lemma Rel_subset_Rel_convex_comb:
  assumes f: "\<forall>i\<in>{1..n}. inG (f i)" and g: "\<forall>i\<in>{1..n}. inG00 (g i)"
    and x: "\<forall>i\<in>{1..n}. 0 < x i \<and> x i \<le> 1"
    and arrows: "\<forall>(i, j)\<in>Rel n f. arrow (g i) (f j) \<and> arrow (f i) (g j)"
  shows "Rel n f \<subseteq> Rel n (\<lambda>i. convex_comb (x i) (f i) (g i))"
proof (clarify)
  fix i j assume ij: "(i, j) \<in> Rel n f"
  then have ij_range: "i \<in> {1..n}" "j \<in> {1..n}" and "0 < Q (f j) (f i)"
    by (auto simp: Rel_def)
  moreover have "0 < Q (f j) (g i)" "0 < Q (g j) (f i)"
    using arrows ij by (auto simp: arrow_def)
  ultimately have "0 < Q (convex_comb (x j) (f j) (g j)) (convex_comb (x i) (f i) (g i))"
    using f g x by (intro Q_convex_comb_pos) (auto simp: less_imp_le)
  with ij_range show "(i, j) \<in> Rel n (\<lambda>i. convex_comb (x i) (f i) (g i))"
    by (simp add: Rel_def)
qed

lemma lin_indep_even_part_convex_comb:
  assumes "lin_indep_fam n (\<lambda>i. even_part (f i))" "\<forall>i\<in>{1..n}. inG00 (g i)"
    and "\<forall>i\<in>{1..n}. x i \<noteq> 0"
  shows "lin_indep_fam n (\<lambda>i. even_part (convex_comb (x i) (f i) (g i)))"
  by (rule lin_indep_fam_rescale[OF assms(1,3)]) (simp add: assms(2) even_part_convex_comb)

theorem proposition4p17:
  fixes n :: nat and f g :: "nat \<Rightarrow> real \<Rightarrow> real" and x :: "nat \<Rightarrow> real"
    and R :: "(nat \<times> nat) set"
  assumes "strongly_generic n f"
    and "Rel n f = R"
    and "\<forall>i\<in>{1..n}. inG00 (g i)"
    and "\<forall>(i, j)\<in>R. arrow (g i) (f j) \<and> arrow (f i) (g j)"
    and "\<forall>i\<in>{1..n}. 0 < x i \<and> x i \<le> 1"
  shows "strongly_generic n (\<lambda>i t. x i * f i t + (1 - x i) * g i t)
         \<and> Rel n (\<lambda>i t. x i * f i t + (1 - x i) * g i t) = R"
proof -
  define h where "h = (\<lambda>i. convex_comb (x i) (f i) (g i))"
  have fG: "\<forall>i\<in>{1..n}. inG (f i)"
    using assms(1) by (simp add: strongly_generic_def inG0_def)
  have hG0: "\<forall>i\<in>{1..n}. inG0 (h i)"
    using assms(1,3,5) by (simp add: h_def strongly_generic_def inG0_convex_comb less_imp_le)
  then have hG: "\<forall>i\<in>{1..n}. inG (h i)"
    by (simp add: inG0_def)
  have total: "total_on {1..n} (Rel n f)"
    using assms(1) unfolding strongly_generic_def total_on_Rel_iff[OF fG] by blast
  have "Rel n f \<subseteq> Rel n h"
    unfolding h_def using assms(2-5) fG by (intro Rel_subset_Rel_convex_comb) auto
  then have Rel_h: "Rel n h = Rel n f"
    using total hG by (intro total_on_subset_asym_eq[OF total] asym_Rel Rel_subset_square)
  have "lin_indep_fam n (\<lambda>i. even_part (h i))"
    unfolding h_def using assms(1,3,5)
    by (intro lin_indep_even_part_convex_comb) (auto simp: strongly_generic_def)
  moreover have "\<forall>i\<in>{1..n}. \<forall>j\<in>{1..n}. i \<noteq> j \<longrightarrow> Q (h i) (h j) \<noteq> 0"
    using total unfolding Rel_h[symmetric] total_on_Rel_iff[OF hG] .
  ultimately have "strongly_generic n h"
    using hG0 unfolding strongly_generic_def by blast
  moreover have "(\<lambda>i t. x i * f i t + (1 - x i) * g i t) = h"
    by (simp add: h_def convex_comb_def fun_eq_iff)
  ultimately show ?thesis
    using Rel_h assms(2) by (simp only:)
qed

end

========

**WHAT NEEDS TO BE DONE:** Go through the listing above and copy each line where the string "lambda" appears.

**SOLUTION:**
  shows "Rel n f \<subseteq> Rel n (\<lambda>i. convex_comb (x i) (f i) (g i))"
  with ij_range show "(i, j) \<in> Rel n (\<lambda>i. convex_comb (x i) (f i) (g i))"
  assumes "lin_indep_fam n (\<lambda>i. even_part (f i))" "\<forall>i\<in>{1..n}. inG00 (g i)"
  shows "lin_indep_fam n (\<lambda>i. even_part (convex_comb (x i) (f i) (g i)))"
  shows "strongly_generic n (\<lambda>i t. x i * f i t + (1 - x i) * g i t)
         \<and> Rel n (\<lambda>i t. x i * f i t + (1 - x i) * g i t) = R"
  define h where "h = (\<lambda>i. convex_comb (x i) (f i) (g i))"
  have "lin_indep_fam n (\<lambda>i. even_part (h i))"
  moreover have "(\<lambda>i t. x i * f i t + (1 - x i) * g i t) = h"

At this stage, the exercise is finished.